レジー 本田なら十分に考えられますよね。プレーヤーとしては大好きだったんですが、ビジネスのやり方なんかを含めて、最近は「怖いな」と感じることの方が多いです。

──同感です。そうした中で、森保さんが次のワールドカップでも指揮を執ることが濃厚と言われています(編集部註:20221228日に契約延長が決定)。2023年は11月まで親善試合しかありませんし、ワールドカップ予選もアジアの出場枠が8.5に増えることを考えれば、盛り上がりに欠けるのは仕方がないところです。そうなると、ますます「4年に一度しか盛り上がらない」という状況が続いていきそうですね。

レジー そうですね。それでも、周期的に大きなイベントがあるという点で、サッカーは恵まれているのかもしれないです。音楽業界はどうしても、盛り上がりが偶発性に左右されるので。

──確かに。思えばミスチルと日本代表の人気って、かなりシンクロしている部分があったわけじゃないですか。だからこその『日本代表とMr.Children』だったわけですが。そこで、レジーさんに最後の質問です。音楽業界から見て、サッカー人気が盛り上がるためのポジティブな要因があるとすれば、どこに見出だせそうでしょうか?

レジー 音楽に関して言えば、コロナの前と後でシーンの新陳代謝がだいぶ進みました。多くのアーティストが力を入れていたフェスが、コロナでいったんストップしてしまいます。その間に起こったのが、ストリーミングサービスとTikTokによってヒット曲が生まれる、新しい方程式の確立でした。

 それとは違う文脈でいうと、「売れるタイアップ」の基準がドラマやCMから、アニメに大きく移行したのがここ数年の流れです。グローバルな市場にもアクセスできるアニメに、メジャーなアーティストが集まって、その作品と内容面でもリンクする楽曲が生み出されるようになりました。

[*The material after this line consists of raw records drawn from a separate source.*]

lemma biset_copies_biset: "biset G (copies_biset G V n) (copies_left G) (copies_right G)"
  unfolding biset_def
proof (intro conjI ballI)
  fix z s assume z: "z \<in> copies_biset G V n" and s: "s \<in> carrier G"
  from z obtain q where q: "q \<in> V" "fst z \<in> tb_carrier G (fst q) (snd q)" "snd z < n q"
    by (rule copies_biset_cases)
  have "tb_left G s (fst z) \<in> tb_carrier G (fst q) (snd q)"
    "tb_right G (fst z) s \<in> tb_carrier G (fst q) (snd q)"
    using subgroup_morphism.tb_carrier_left_closed[OF V_subgroup_morphism[OF q(1)] q(2) s]
      subgroup_morphism.tb_carrier_right_closed[OF V_subgroup_morphism[OF q(1)] q(2) s] .
  then show "copies_left G s z \<in> copies_biset G V n" "copies_right G z s \<in> copies_biset G V n"
    using q unfolding copies_biset_mem copies_left_def copies_right_def by auto
next
  fix z assume "z \<in> copies_biset G V n"
  then have "fst z \<subseteq> carrier G \<times> carrier G" by (rule copies_biset_cases)
  then show "copies_left G \<one> z = z" "copies_right G z \<one> = z"
    unfolding copies_left_def copies_right_def by (simp_all add: tb_left_one tb_right_one)
next
  fix z s t assume "z \<in> copies_biset G V n" "s \<in> carrier G" "t \<in> carrier G"
  moreover from this(1) have "fst z \<subseteq> carrier G \<times> carrier G" by (rule copies_biset_cases)
  ultimately show "copies_left G s (copies_left G t z) = copies_left G (s \<otimes> t) z"
    "copies_right G (copies_right G z s) t = copies_right G z (s \<otimes> t)"
    "copies_left G s (copies_right G z t) = copies_right G (copies_left G s z) t"
    unfolding copies_left_def copies_right_def
    by (simp_all add: tb_left_mult tb_right_mult tb_left_right_commute)
qed

lemma finite_copies_biset:
  assumes "finite (carrier G)" and "finite V"
  shows "finite (copies_biset G V n)"
  unfolding copies_biset_def
  using assms subgroup_morphism.finite_tb_carrier[OF V_subgroup_morphism] by blast

lemma copies_right_free:
  assumes z: "z \<in> copies_biset G V n" and t: "t \<in> carrier G" and fixed: "copies_right G z t = z"
  shows "t = \<one>"
proof -
  obtain q where q: "q \<in> V" "fst z \<in> tb_carrier G (fst q) (snd q)" using z by (rule copies_biset_cases)
  have "tb_right G (fst z) t = fst z" using fixed unfolding copies_right_def by (simp add: prod_eq_iff)
  then show ?thesis
    by (rule subgroup_morphism.tb_carrier_right_free[OF V_subgroup_morphism[OF q(1)] q(2) t])
qed

lemma transitive_subbiset_copies_biset:
  assumes Y: "transitive_subbiset G (copies_biset G V n) (copies_left G) (copies_right G) Y"
  shows "\<exists>q\<in>V. biset_iso (carrier G) (carrier G) Y (copies_left G) (copies_right G)
           (tb_carrier G (fst q) (snd q)) (tb_left G) (tb_right G)"
proof -
  have sub: "Y \<subseteq> copies_biset G V n" and closed: "\<forall>y\<in>Y. \<forall>s\<in>carrier G. copies_left G s y \<in> Y \<and> copies_right G y s \<in> Y"
    and trans: "\<forall>y\<in>Y. \<forall>z\<in>Y. \<exists>s\<in>carrier G. \<exists>t\<in>carrier G. z = copies_left G s (copies_right G y t)"
    and "Y \<noteq> {}" using Y unfolding transitive_subbiset_def subbiset_def by auto
  then obtain y0 where y0: "y0 \<in> Y" by blast
  then obtain q where q: "q \<in> V" "fst y0 \<in> tb_carrier G (fst q) (snd q)"
    using sub by (blast elim: copies_biset_cases)
  interpret T: subgroup_morphism G "fst q" "snd q" by (rule V_subgroup_morphism[OF q(1)])
  have "Y = tb_carrier G (fst q) (snd q) \<times> {snd y0}"
  proof (intro equalityI subsetI)
    fix z assume "z \<in> Y"
    then obtain s t where "s \<in> carrier G" "t \<in> carrier G" "z = copies_left G s (copies_right G y0 t)"
      using trans y0 by blast
    then show "z \<in> tb_carrier G (fst q) (snd q) \<times> {snd y0}"
      using q(2) T.tb_carrier_left_closed T.tb_carrier_right_closed
      unfolding copies_left_def copies_right_def by (simp add: mem_Times_iff)
  next
    fix z assume "z \<in> tb_carrier G (fst q) (snd q) \<times> {snd y0}"
    then have z1: "fst z \<in> tb_carrier G (fst q) (snd q)" and z2: "snd z = snd y0"
      by (auto simp: mem_Times_iff)
    obtain s t where st: "s \<in> carrier G" "t \<in> carrier G"
      and "fst z = tb_left G s (tb_right G (fst y0) t)"
      using T.tb_carrier_transitive[OF q(2) z1] by blast
    with z2 have "z = copies_left G s (copies_right G y0 t)"
      unfolding copies_left_def copies_right_def by (simp add: prod_eq_iff)
    then show "z \<in> Y" using closed y0 st by blast
  qed
  with q(1) biset_iso_copy show ?thesis by metis
qed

──なるほど。コロナ禍によってメディア環境も激変し、結果として音楽業界全体で新陳代謝が起こったと。TikTokを絡めたら、それこそ新しいファン層をつかむことも可能になったでしょうから、決してネガティブな話ばかりではないですね。

レジー サッカー界も同じことが言えると思います。今回のワールドカップで言えば、AbemaTVという新しい視聴スタイルが受け入れられて、日向坂46の影山優佳さんのような新しいスターが登場しましたよね。そういったことを考えるならば、このメディア環境の変化によって次の4年に向けて、新たなムーブメントが起こり得るんじゃないかと思います。そのメインのプレーヤーが本田圭佑だと、ちょっと怖いんですけど(笑)。

──確かに(笑)。今日、語り合ったことについて、また4年後に答え合わせをしてみたいですね。レジーさん、ありがとうございました。